- **Data supplied**
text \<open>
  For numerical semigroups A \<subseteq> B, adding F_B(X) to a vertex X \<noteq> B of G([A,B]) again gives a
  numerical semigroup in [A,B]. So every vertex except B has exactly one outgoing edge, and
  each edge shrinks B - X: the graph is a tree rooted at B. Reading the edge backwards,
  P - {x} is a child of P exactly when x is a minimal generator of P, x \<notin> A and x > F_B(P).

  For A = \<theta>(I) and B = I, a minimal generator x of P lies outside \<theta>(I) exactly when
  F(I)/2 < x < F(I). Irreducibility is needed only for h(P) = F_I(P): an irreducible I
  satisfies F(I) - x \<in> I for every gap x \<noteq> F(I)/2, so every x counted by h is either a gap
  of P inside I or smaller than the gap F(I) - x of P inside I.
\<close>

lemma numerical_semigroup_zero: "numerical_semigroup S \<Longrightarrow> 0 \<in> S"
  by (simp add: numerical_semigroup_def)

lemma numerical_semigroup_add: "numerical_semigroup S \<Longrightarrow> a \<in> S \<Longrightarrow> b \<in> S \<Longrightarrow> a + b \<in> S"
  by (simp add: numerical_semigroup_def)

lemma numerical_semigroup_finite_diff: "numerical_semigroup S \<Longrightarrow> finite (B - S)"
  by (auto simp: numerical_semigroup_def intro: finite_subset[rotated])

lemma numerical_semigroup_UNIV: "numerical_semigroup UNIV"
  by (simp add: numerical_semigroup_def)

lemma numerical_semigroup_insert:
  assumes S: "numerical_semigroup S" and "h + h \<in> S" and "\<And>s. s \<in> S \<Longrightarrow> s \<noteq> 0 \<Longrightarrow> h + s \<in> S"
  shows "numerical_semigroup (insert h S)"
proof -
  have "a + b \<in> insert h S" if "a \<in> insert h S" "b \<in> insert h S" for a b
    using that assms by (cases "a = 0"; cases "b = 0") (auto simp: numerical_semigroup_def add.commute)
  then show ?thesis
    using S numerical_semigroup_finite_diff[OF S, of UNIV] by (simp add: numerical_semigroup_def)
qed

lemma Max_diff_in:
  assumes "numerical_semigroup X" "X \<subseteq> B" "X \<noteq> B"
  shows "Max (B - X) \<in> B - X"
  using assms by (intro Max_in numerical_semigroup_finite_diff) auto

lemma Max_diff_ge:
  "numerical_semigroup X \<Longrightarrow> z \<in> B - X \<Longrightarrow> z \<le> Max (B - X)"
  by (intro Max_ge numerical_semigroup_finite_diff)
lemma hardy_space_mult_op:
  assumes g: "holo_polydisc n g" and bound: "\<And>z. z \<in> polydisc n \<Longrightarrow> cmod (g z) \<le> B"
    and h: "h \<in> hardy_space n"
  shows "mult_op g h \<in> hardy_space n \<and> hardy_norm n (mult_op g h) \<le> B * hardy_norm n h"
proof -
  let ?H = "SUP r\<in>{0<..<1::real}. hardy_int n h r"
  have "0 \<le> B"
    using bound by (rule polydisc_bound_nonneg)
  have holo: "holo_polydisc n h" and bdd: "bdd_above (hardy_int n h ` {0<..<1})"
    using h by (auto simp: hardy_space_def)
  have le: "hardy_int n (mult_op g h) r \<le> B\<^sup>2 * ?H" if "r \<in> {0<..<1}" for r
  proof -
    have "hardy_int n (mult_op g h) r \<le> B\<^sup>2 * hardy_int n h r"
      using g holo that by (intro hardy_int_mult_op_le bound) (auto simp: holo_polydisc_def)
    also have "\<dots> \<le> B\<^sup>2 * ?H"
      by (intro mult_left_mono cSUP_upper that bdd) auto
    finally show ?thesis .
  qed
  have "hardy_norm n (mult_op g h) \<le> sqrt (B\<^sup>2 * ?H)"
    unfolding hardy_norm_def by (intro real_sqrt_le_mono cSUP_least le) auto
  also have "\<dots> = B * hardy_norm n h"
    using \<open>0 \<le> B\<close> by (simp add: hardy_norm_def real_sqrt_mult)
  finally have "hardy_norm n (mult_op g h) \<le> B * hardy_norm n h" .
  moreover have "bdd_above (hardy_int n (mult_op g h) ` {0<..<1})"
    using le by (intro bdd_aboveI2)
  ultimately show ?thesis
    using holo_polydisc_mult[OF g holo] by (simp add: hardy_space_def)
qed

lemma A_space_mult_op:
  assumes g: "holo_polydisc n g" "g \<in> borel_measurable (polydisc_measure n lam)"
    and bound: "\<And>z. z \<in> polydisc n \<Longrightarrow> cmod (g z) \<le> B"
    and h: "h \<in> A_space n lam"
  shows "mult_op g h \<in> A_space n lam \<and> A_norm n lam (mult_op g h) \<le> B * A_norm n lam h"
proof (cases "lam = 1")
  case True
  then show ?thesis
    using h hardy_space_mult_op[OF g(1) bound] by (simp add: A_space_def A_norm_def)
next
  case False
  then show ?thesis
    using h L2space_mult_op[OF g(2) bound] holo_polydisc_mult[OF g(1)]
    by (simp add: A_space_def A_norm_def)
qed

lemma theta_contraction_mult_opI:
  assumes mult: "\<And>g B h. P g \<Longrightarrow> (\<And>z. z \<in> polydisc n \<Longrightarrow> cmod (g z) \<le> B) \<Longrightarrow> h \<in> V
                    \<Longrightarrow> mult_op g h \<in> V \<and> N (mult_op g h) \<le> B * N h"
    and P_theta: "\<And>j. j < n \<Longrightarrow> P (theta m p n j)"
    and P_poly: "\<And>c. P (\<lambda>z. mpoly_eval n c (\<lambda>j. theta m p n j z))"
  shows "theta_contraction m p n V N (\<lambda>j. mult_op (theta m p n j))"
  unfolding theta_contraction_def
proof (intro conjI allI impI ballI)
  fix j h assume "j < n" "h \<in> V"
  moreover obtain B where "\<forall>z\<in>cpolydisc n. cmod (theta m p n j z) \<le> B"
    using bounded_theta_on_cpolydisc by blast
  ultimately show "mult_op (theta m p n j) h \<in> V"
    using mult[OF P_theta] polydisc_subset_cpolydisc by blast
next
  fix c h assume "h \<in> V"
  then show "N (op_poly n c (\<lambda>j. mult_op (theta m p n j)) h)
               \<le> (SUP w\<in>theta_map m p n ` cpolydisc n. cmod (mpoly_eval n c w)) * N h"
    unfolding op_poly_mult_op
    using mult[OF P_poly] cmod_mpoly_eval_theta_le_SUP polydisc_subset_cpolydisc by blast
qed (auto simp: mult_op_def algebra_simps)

- **Instructions to follow**
Please give an exact copy of the entries above, from the line with "using bound by" down to the line with "ultimately show ?thesis", inclusive, and nothing else.

- **Response area**
    using bound by (rule polydisc_bound_nonneg)
  have holo: "holo_polydisc n h" and bdd: "bdd_above (hardy_int n h ` {0<..<1})"
    using h by (auto simp: hardy_space_def)
  have le: "hardy_int n (mult_op g h) r \<le> B\<^sup>2 * ?H" if "r \<in> {0<..<1}" for r
  proof -
    have "hardy_int n (mult_op g h) r \<le> B\<^sup>2 * hardy_int n h r"
      using g holo that by (intro hardy_int_mult_op_le bound) (auto simp: holo_polydisc_def)
    also have "\<dots> \<le> B\<^sup>2 * ?H"
      by (intro mult_left_mono cSUP_upper that bdd) auto
    finally show ?thesis .
  qed
  have "hardy_norm n (mult_op g h) \<le> sqrt (B\<^sup>2 * ?H)"
    unfolding hardy_norm_def by (intro real_sqrt_le_mono cSUP_least le) auto
  also have "\<dots> = B * hardy_norm n h"
    using \<open>0 \<le> B\<close> by (simp add: hardy_norm_def real_sqrt_mult)
  finally have "hardy_norm n (mult_op g h) \<le> B * hardy_norm n h" .
  moreover have "bdd_above (hardy_int n (mult_op g h) ` {0<..<1})"
    using le by (intro bdd_aboveI2)
  ultimately show ?thesis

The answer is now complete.